Often this means documenting business processes that sort of evolved via the lava flow antipattern; 50ish is the size where things start to get out of hand, because it's the size where the amateurishly hacked-together processes that keep the organization running start to break down because everyone can't be aware of everything that's going on in detail, in real-time. Make it your business to understand what business systems (not necessarily computer systems) *accomplish*. That puts you in a position to offer a third way, the one that emerges as obvious to everyone once somebody has figured out what's actually going on.
It's supposedly hard to implement changes in non-profits because of the consensus-driven decision making processes, but I found that I could make that process work for me. Lack of understanding is a vacuum; presented with a clear picture people usually line up behind the obvious solution quickly. But you do have to do your homework. Never surprise anyone with anything in a meeting. Bring people up to speed with things you're going to say about their work *before* the meeting so they don't feel blind-sided.

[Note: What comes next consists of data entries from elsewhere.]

lemma walsh_mult_cnj:
  "walsh n \<psi> (\<lambda>x. tr n (q x)) \<mu> * cnj (walsh n \<psi> (\<lambda>x. tr n (q x)) \<mu>)
   = 2 ^ n * (\<Sum>a | L a + c * a = 0. \<psi> a * sgn2 (tr n (q a + \<mu> * a)))"
proof -
  define A where "A x = sgn2 (tr n (q x + \<mu> * x)) * \<psi> x" for x
  have pair: "A (y + a) * cnj (A y) = \<psi> a * sgn2 (tr n (q a + \<mu> * a)) * sgn2 (tr n ((L a + c * a) * y))"
    for y a
  proof -
    let ?P = "q (y + a) + \<mu> * (y + a)" and ?Q = "q y + \<mu> * y" and ?R = "q a + \<mu> * a"
    have "tr n (?P + ?Q) = tr n (?R + y * L a)"
      using polar[of y a] by (simp add: tr_add algebra_simps char2)
    hence PQ: "sgn2 (tr n ?P) * sgn2 (tr n ?Q) = sgn2 (tr n ?R) * sgn2 (tr n (y * L a))"
      unfolding sgn2_tr_add[symmetric] by (rule arg_cong[where f=sgn2])
    have L_twist: "sgn2 (tr n (y * L a)) * sgn2 (tr n (c * a * y)) = sgn2 (tr n ((L a + c * a) * y))"
      by (simp add: sgn2_tr_add[symmetric] algebra_simps)
    have "A (y + a) * cnj (A y) = (sgn2 (tr n ?P) * sgn2 (tr n ?Q)) * (\<psi> (y + a) * cnj (\<psi> y))"
      unfolding A_def by (simp add: mult_ac)
    also have "\<dots> = \<psi> a * sgn2 (tr n ?R) * (sgn2 (tr n (y * L a)) * sgn2 (tr n (c * a * y)))"
      unfolding PQ twist by (simp add: mult_ac)
    finally show ?thesis unfolding L_twist .
  qed
  have "walsh n \<psi> (\<lambda>x. tr n (q x)) \<mu> = (\<Sum>x\<in>UNIV. A x)"
    unfolding walsh_def A_def by (simp add: tr_add)
  hence "walsh n \<psi> (\<lambda>x. tr n (q x)) \<mu> * cnj (walsh n \<psi> (\<lambda>x. tr n (q x)) \<mu>)
       = (\<Sum>x\<in>UNIV. \<Sum>y\<in>UNIV. A x * cnj (A y))"
    by (simp add: sum_product)
  also have "\<dots> = (\<Sum>y\<in>UNIV. \<Sum>x\<in>UNIV. A x * cnj (A y))"
    by (rule sum.swap)
  also have "\<dots> = (\<Sum>y\<in>UNIV. \<Sum>a\<in>UNIV. A (y + a) * cnj (A y))"
  proof (rule sum.cong[OF refl])
    fix y
    show "(\<Sum>x\<in>UNIV. A x * cnj (A y)) = (\<Sum>a\<in>UNIV. A (y + a) * cnj (A y))"
      using sum_shift[of "\<lambda>x. A x * cnj (A y)" y] by (simp add: add.commute)
  qed
  also have "\<dots> = (\<Sum>a\<in>UNIV. \<Sum>y\<in>UNIV. \<psi> a * sgn2 (tr n (q a + \<mu> * a)) * sgn2 (tr n ((L a + c * a) * y)))"
    unfolding pair by (rule sum.swap)
  also have "\<dots> = (\<Sum>a\<in>UNIV. if L a + c * a = 0 then 2 ^ n * (\<psi> a * sgn2 (tr n (q a + \<mu> * a))) else 0)"
    by (intro sum.cong refl) (simp add: sum_distrib_left[symmetric] sum_sgn2_tr_mult[OF tr_z])
  also have "\<dots> = 2 ^ n * (\<Sum>a | L a + c * a = 0. \<psi> a * sgn2 (tr n (q a + \<mu> * a)))"
    by (simp add: sum.If_cases sum_distrib_left)
  finally show ?thesis .
qed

In a crisis be prepared to do the right thing. If you're in a non-profit they're paying you below market rates, so you can do better elsewhere. There is no call for getting yourself sucked into something that offends your self-respect. I resigned one job because my superior (the COO) was doing things that were financially reckless and improper (spending without proper authorization). I informed the CEO in my exit interview. That was my solution to the problem of not getting drawn into a persistent pattern of dysfunction.
When you handle sensitive information, just ask yourself what is the professional thing to do? Be discreet. Resist the temptation to peek at data, and when you *do* accidentally learn something you're not supposed to know, disclose that to the responsible parties. Be trustworthy, and present a trustworthy face.
Finally, don't let them pay you far below the market rate for your services, and expect a really good benefits package, including 1.5x to 2x the vacation you'd get in a for-profit. Insist on the respect due a professional. Non-profits are full of young people who haven't learned that the IT guy isn't there to be kicked around when they're frustrated, and the fact that you're in a support position rather than a more glamorous line position doesn't make your work any less important.
Post may contain irony: discontinue use if experiencing mood swings, nausea or elevated blood pressure.
If a secretary with no professional qualifications can take minutes in a senior management meeting and maintain confidentiality about what was said there's no reason you, as a theoretically highly-educated IT worker, can't do the same about the content of emails you happen to read in the course of doing your job.